- [PROBLEM TO WORK ON]:
Check the material that follows and say how many lines include the string "assms", giving the number alone.

- [INPUT FOR THIS TASK]:
(* Let $(\Lambda,d)$ be a topological $1$-graph. For all $f\in C_c(\Lambda^0)$ and $\xi,\eta\in C_c(\Lambda^1)$ we have, in $C^*(G_\Lambda)$, (i) $\Psi_1(\xi)^*\Psi_1(\eta)=\Psi_0(\langle\xi,\eta\rangle)$ and (ii) $\Psi_0(f)\Psi_1(\xi)=\Psi_1(\phi(f)\xi)$.
   Context: A topological $1$-graph is a pair $(\Lambda,d)$ with $\Lambda$ a small category whose object set $\Lambda^0$ and morphism set $\Lambda$ are second-countable locally compact Hausdorff spaces, $r,s$ continuous with $s$ a local homeomorphism, composition continuous and open, $d:\Lambda\to\mathbb{N}$ a continuous functor, with unique factorization: for $d(\lambda)=m+n$ there is a unique composable $(\xi,\eta)$ with $\lambda=\xi\eta$, $d(\xi)=m$, $d(\eta)=n$. Objects are identified with degree-$0$ paths, $\Lambda^1=d^{-1}(1)$, $\lambda(p,q)$ denotes the degree-$(q-p)$ segment. The path space $X_\Lambda$ consists of degree-preserving continuous functors $x:\Omega_{1,m}\to\Lambda$ ($m\in\mathbb{N}\cup\{\infty\}$, where $\Omega_{1,m}$ is the discrete category with objects $\{p\le m\}$, morphisms $(p,q)$, $p\le q\le m$, of degree $q-p$), with $r(x)=x(0)$, $d(x)=m$, concatenation $\lambda x$ and shift $(\sigma^mx)(0,p)=x(m,m+p)$. The path groupoid $G_\Lambda$ has morphisms $(\lambda x,d(\lambda)-d(\mu),\mu x)$ with $s(\lambda)=s(\mu)=r(x)$, range/source the first/third coordinates, product $(x,m,y)(y,n,z)=(x,m+n,z)$, inverse $(y,-m,x)$, unit space identified with $X_\Lambda$; with its standard topology (basis $Z(U*_sV,m)\cap Z(F,m)^c$ for $U,V\subset\Lambda$ open, $F\subset\Lambda*_s\Lambda$ compact, where $Z(F,m)=\{(\lambda x,m,\mu x):(\lambda,\mu)\in F,d(\lambda)-d(\mu)=m\}$) it is a locally compact Hausdorff $r$-discrete groupoid with counting-measure Haar system, so $C_c(G_\Lambda)\subset C^*(G_\Lambda)$ with convolution product, and $C_0(G_\Lambda^{(0)})\subset C^*(G_\Lambda)$. For $\xi,\eta\in C_c(\Lambda^1)$, $\langle\xi,\eta\rangle(v)=\sum_{e\in\Lambda^1,s(e)=v}\overline{\xi(e)}\eta(e)$, and for $f\in C_0(\Lambda^0)$, $(\phi(f)\xi)(e)=f(r(e))\xi(e)$. Define $\Psi_0(f)\in C_0(G_\Lambda^{(0)})\subset C^*(G_\Lambda)$ by $\Psi_0(f)(x,0,x)=f(r(x))$, and for $\xi\in C_c(\Lambda^1)$ define $\Psi_1(\xi)\in C_c(G_\Lambda)$ by $\Psi_1(\xi)(x,m,y)=\delta_{m,1}\delta_{\sigma^1x,y}\,\xi(x(0,1))$. *)

theory Defs
  imports "HOL-Analysis.Analysis" "HOL-Library.Extended_Nat"
begin

text \<open>The morphism space of the small category Lambda is the whole carrier type 'a
 (a second countable Hausdorff space; local compactness is assumed below).
 Objects are identified with identity morphisms (the image of r); composition
 cmp a b means "a followed-by-left b" i.e. the product a b, defined when s a = r b.\<close>

definition lam0 :: "('a \<Rightarrow> 'a) \<Rightarrow> 'a set" where
  "lam0 r = range r"

definition lam1 :: "('a \<Rightarrow> nat) \<Rightarrow> 'a set" where
  "lam1 d = {e. d e = 1}"

definition composable :: "('a \<Rightarrow> 'a) \<Rightarrow> ('a \<Rightarrow> 'a) \<Rightarrow> ('a \<times> 'a) set" where
  "composable r s = {(a, b). s a = r b}"

definition local_homeo :: "('a::topological_space \<Rightarrow> 'b::topological_space) \<Rightarrow> bool" where
  "local_homeo f \<longleftrightarrow> continuous_on UNIV f \<and>
     (\<forall>x. \<exists>U g. open U \<and> x \<in> U \<and> open (f ` U) \<and> homeomorphism U (f ` U) f g)"

definition topological_1graph ::
  "('a::{t2_space, second_countable_topology} \<Rightarrow> 'a) \<Rightarrow> ('a \<Rightarrow> 'a) \<Rightarrow> ('a \<Rightarrow> 'a \<Rightarrow> 'a)
     \<Rightarrow> ('a \<Rightarrow> nat) \<Rightarrow> bool" where
  "topological_1graph r s cmp d \<longleftrightarrow>
     \<comment> \<open>small category with objects = identity morphisms\<close>
     (\<forall>a. r (r a) = r a \<and> s (r a) = r a \<and> r (s a) = s a \<and> s (s a) = s a) \<and>
     (\<forall>a b. s a = r b \<longrightarrow> r (cmp a b) = r a \<and> s (cmp a b) = s b) \<and>
     (\<forall>a b c. s a = r b \<longrightarrow> s b = r c \<longrightarrow> cmp (cmp a b) c = cmp a (cmp b c)) \<and>
     (\<forall>a. cmp (r a) a = a \<and> cmp a (s a) = a) \<and>
     \<comment> \<open>topology: locally compact (second countable Hausdorff by the type class)\<close>
     locally_compact_space (euclidean :: 'a topology) \<and>
     locally_compact_space (top_of_set (lam0 r)) \<and>
     continuous_on UNIV r \<and> continuous_on UNIV s \<and> local_homeo s \<and>
     continuous_on (composable r s) (\<lambda>(a, b). cmp a b) \<and>
     (\<forall>U. openin (top_of_set (composable r s)) U \<longrightarrow> open ((\<lambda>(a, b). cmp a b) ` U)) \<and>
     \<comment> \<open>degree functor, continuous into the discrete space nat\<close>
     continuous_on UNIV d \<and>
     (\<forall>a. d (r a) = 0) \<and>
     (\<forall>a b. s a = r b \<longrightarrow> d (cmp a b) = d a + d b) \<and>
     \<comment> \<open>unique factorisation\<close>
     (\<forall>l m n. d l = m + n \<longrightarrow>
        (\<exists>!(a, b). s a = r b \<and> l = cmp a b \<and> d a = m \<and> d b = n))"

text \<open>A path x of degree m (m in nat or infinity) is a degree-preserving functor
 from Omega_{1,m}; it is represented by the pair (m, X) where X p q is the image of the
 morphism (p,q) for p \<le> q \<le> m, and X p q = undefined off that domain (so that equal
 functors give equal representations). Continuity is automatic as Omega is discrete.\<close>

type_synonym 'a path = "enat \<times> (nat \<Rightarrow> nat \<Rightarrow> 'a)"

definition in_dom :: "enat \<Rightarrow> nat \<Rightarrow> nat \<Rightarrow> bool" where
  "in_dom m p q \<longleftrightarrow> p \<le> q \<and> enat q \<le> m"

definition is_path :: "('a \<Rightarrow> 'a) \<Rightarrow> ('a \<Rightarrow> 'a) \<Rightarrow> ('a \<Rightarrow> 'a \<Rightarrow> 'a) \<Rightarrow> ('a \<Rightarrow> nat)
     \<Rightarrow> 'a path \<Rightarrow> bool" where
  "is_path r s cmp d x \<longleftrightarrow>
     (\<forall>p q. \<not> in_dom (fst x) p q \<longrightarrow> snd x p q = undefined) \<and>
     (\<forall>p q. in_dom (fst x) p q \<longrightarrow>
        d (snd x p q) = q - p \<and> r (snd x p q) = snd x p p \<and> s (snd x p q) = snd x q q) \<and>
     (\<forall>p q t. in_dom (fst x) p q \<longrightarrow> in_dom (fst x) q t \<longrightarrow>
        snd x p t = cmp (snd x p q) (snd x q t))"

definition path_space :: "('a \<Rightarrow> 'a) \<Rightarrow> ('a \<Rightarrow> 'a) \<Rightarrow> ('a \<Rightarrow> 'a \<Rightarrow> 'a) \<Rightarrow> ('a \<Rightarrow> nat)
     \<Rightarrow> 'a path set" where
  "path_space r s cmp d = {x. is_path r s cmp d x}"

definition prange :: "'a path \<Rightarrow> 'a" where
  "prange x = snd x 0 0"

definition pdeg :: "'a path \<Rightarrow> enat" where
  "pdeg x = fst x"

definition shift :: "nat \<Rightarrow> 'a path \<Rightarrow> 'a path" where
  "shift n x = (fst x - enat n,
     (\<lambda>p q. if in_dom (fst x - enat n) p q then snd x (n + p) (n + q) else undefined))"

definition concat :: "('a \<Rightarrow> 'a) \<Rightarrow> ('a \<Rightarrow> 'a) \<Rightarrow> ('a \<Rightarrow> 'a \<Rightarrow> 'a) \<Rightarrow> ('a \<Rightarrow> nat)
     \<Rightarrow> 'a \<Rightarrow> 'a path \<Rightarrow> 'a path" where
  "concat r s cmp d l x = (THE z. is_path r s cmp d z \<and> fst z = enat (d l) + fst x \<and>
       snd z 0 (d l) = l \<and> shift (d l) z = x)"

type_synonym 'a gmor = "'a path \<times> int \<times> 'a path"

definition path_groupoid :: "('a \<Rightarrow> 'a) \<Rightarrow> ('a \<Rightarrow> 'a) \<Rightarrow> ('a \<Rightarrow> 'a \<Rightarrow> 'a) \<Rightarrow> ('a \<Rightarrow> nat)
     \<Rightarrow> 'a gmor set" where
  "path_groupoid r s cmp d =
     {(concat r s cmp d l x, int (d l) - int (d m), concat r s cmp d m x) | l m x.
        x \<in> path_space r s cmp d \<and> s l = prange x \<and> s m = prange x}"

text \<open>Convolution in C_c(G_Lambda) (counting-measure Haar system):
 (F * H)(gamma) = sum over beta with s(beta) = s(gamma) of F(gamma beta^{-1}) H(beta);
 for gamma = (x,k,y) and beta = (z,n,y), gamma beta^{-1} = (x, k-n, z).\<close>
definition conv :: "('a \<Rightarrow> 'a) \<Rightarrow> ('a \<Rightarrow> 'a) \<Rightarrow> ('a \<Rightarrow> 'a \<Rightarrow> 'a) \<Rightarrow> ('a \<Rightarrow> nat)
     \<Rightarrow> ('a gmor \<Rightarrow> complex) \<Rightarrow> ('a gmor \<Rightarrow> complex) \<Rightarrow> 'a gmor \<Rightarrow> complex" where
  "conv r s cmp d F H = (\<lambda>(x, k, y).
     infsum (\<lambda>(z, n). F (x, k - n, z) * H (z, n, y))
       {(z, n). (z, n, y) \<in> path_groupoid r s cmp d})"

definition gstar :: "('a gmor \<Rightarrow> complex) \<Rightarrow> 'a gmor \<Rightarrow> complex" where
  "gstar F = (\<lambda>(x, k, y). cnj (F (y, - k, x)))"

definition Cc :: "'a::topological_space set \<Rightarrow> ('a \<Rightarrow> complex) \<Rightarrow> bool" where
  "Cc S f \<longleftrightarrow> continuous_on S f \<and> (\<forall>x. x \<notin> S \<longrightarrow> f x = 0) \<and>
     (\<exists>K. compact K \<and> K \<subseteq> S \<and> (\<forall>x \<in> S - K. f x = 0))"

definition inner1 :: "('a \<Rightarrow> 'a) \<Rightarrow> ('a \<Rightarrow> nat) \<Rightarrow> ('a \<Rightarrow> complex) \<Rightarrow> ('a \<Rightarrow> complex)
     \<Rightarrow> 'a \<Rightarrow> complex" where
  "inner1 s d \<xi> \<eta> v = infsum (\<lambda>e. cnj (\<xi> e) * \<eta> e) {e \<in> lam1 d. s e = v}"

definition phi :: "('a \<Rightarrow> 'a) \<Rightarrow> ('a \<Rightarrow> complex) \<Rightarrow> ('a \<Rightarrow> complex) \<Rightarrow> 'a \<Rightarrow> complex" where
  "phi r f \<xi> e = f (r e) * \<xi> e"

definition Psi0 :: "('a \<Rightarrow> complex) \<Rightarrow> 'a gmor \<Rightarrow> complex" where
  "Psi0 f = (\<lambda>(x, k, y). if k = 0 \<and> x = y then f (prange x) else 0)"

definition Psi1 :: "('a \<Rightarrow> complex) \<Rightarrow> 'a gmor \<Rightarrow> complex" where
  "Psi1 \<xi> = (\<lambda>(x, k, y). if k = 1 \<and> shift 1 x = y then \<xi> (snd x 0 1) else 0)"

end

theory Submission
  imports Defs
begin

text \<open>Since Psi0 f lives on the
unit space, convolving with it on the left multiplies by f at the range, which is also what
phi f does to an edge. In Psi1 xi^* Psi1 eta at (x, k, y) only the morphisms (z, 1, y) with
sigma z = x = y contribute, and such a z is the concatenation e x of its first edge e = z(0,1)
with x; so the sum runs over the edges e with s e = r x, giving the inner product at r x.

The real work is that concatenation is well defined. The path lambda x is built explicitly from
the segments lambda(p,q) provided by unique factorisation, and conversely every path z of degree
at least d lambda with z(0, d lambda) = lambda is recovered from lambda and its shift.\<close>

lemma in_dom_le: "enat L \<le> m \<Longrightarrow> p \<le> q \<Longrightarrow> q \<le> L \<Longrightarrow> in_dom m p q"
  unfolding in_dom_def by (meson enat_ord_simps(1) order_trans)

lemma in_dom_add_le: "p \<le> q \<Longrightarrow> q \<le> L \<Longrightarrow> in_dom (enat L + m) p q"
  by (cases m) (auto simp: in_dom_def)

lemma in_dom_add_iff: "L \<le> q \<Longrightarrow> in_dom (enat L + m) p q \<longleftrightarrow> p \<le> q \<and> enat (q - L) \<le> m"
  by (cases m) (auto simp: in_dom_def)

lemma in_dom_diff_iff: "enat n \<le> m \<Longrightarrow> in_dom (m - enat n) p q \<longleftrightarrow> in_dom m (n + p) (n + q)"
  by (cases m) (auto simp: in_dom_def)

lemma in_dom_add_sub:
  "in_dom (enat L + m) p q \<Longrightarrow> L \<le> p' \<Longrightarrow> p' \<le> q' \<Longrightarrow> q' \<le> q \<Longrightarrow> in_dom m (p' - L) (q' - L)"
  by (cases m) (auto simp: in_dom_def)

lemma in_dom_0_0: "in_dom m 0 0"
  by (simp add: in_dom_def zero_enat_def[symmetric])

lemma enat_add_diff_cancel: "enat n \<le> m \<Longrightarrow> enat n + (m - enat n) = m"
  by (cases m) auto

lemma fst_shift [simp]: "fst (shift n x) = fst x - enat n"
  by (simp add: shift_def)

lemma snd_shift: "in_dom (fst x - enat n) p q \<Longrightarrow> snd (shift n x) p q = snd x (n + p) (n + q)"
  by (simp add: shift_def)

locale one_graph =
  fixes r s :: "'a \<Rightarrow> 'a" and cmp :: "'a \<Rightarrow> 'a \<Rightarrow> 'a" and d :: "'a \<Rightarrow> nat"
  assumes source_range: "s (r a) = r a" and range_source: "r (s a) = s a"
    and range_cmp: "s a = r b \<Longrightarrow> r (cmp a b) = r a"
    and source_cmp: "s a = r b \<Longrightarrow> s (cmp a b) = s b"
    and cmp_assoc: "s a = r b \<Longrightarrow> s b = r c \<Longrightarrow> cmp (cmp a b) c = cmp a (cmp b c)"
    and cmp_range_left: "cmp (r a) a = a" and cmp_source_right: "cmp a (s a) = a"
    and degree_range: "d (r a) = 0"
    and degree_cmp: "s a = r b \<Longrightarrow> d (cmp a b) = d a + d b"
    and unique_factorisation:
      "d l = m + n \<Longrightarrow> \<exists>!(a, b). s a = r b \<and> l = cmp a b \<and> d a = m \<and> d b = n"

lemma one_graph_if_topological_1graph:
  "topological_1graph r s cmp d \<Longrightarrow> one_graph r s cmp d"
  unfolding topological_1graph_def by unfold_locales (elim conjE, fast)+

context one_graph
begin

lemma range_range: "r (r a) = r a"
  by (metis source_range range_source)

lemma source_source: "s (s a) = s a"
  by (metis source_range range_source)

lemma degree_source: "d (s a) = 0"
  by (metis degree_range range_source)

lemma factorisation_unique:
  assumes "s a = r b" "s a' = r b'" "cmp a b = cmp a' b'" "d a = d a'"
  shows "a = a' \<and> b = b'"
proof -
  define P where "P = (\<lambda>(u, v). s u = r v \<and> cmp a b = cmp u v \<and> d u = d a \<and> d v = d b)"
  have "d b' = d b"
    using degree_cmp assms by (metis add_left_cancel)
  then have "P (a, b)" "P (a', b')"
    unfolding P_def using assms by auto
  moreover have "\<exists>!p. P p"
    unfolding P_def using unique_factorisation[OF degree_cmp[OF assms(1)]] .
  ultimately show ?thesis
    using the1_equality by (metis prod.inject)
qed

- [WRITTEN REPLY]:
3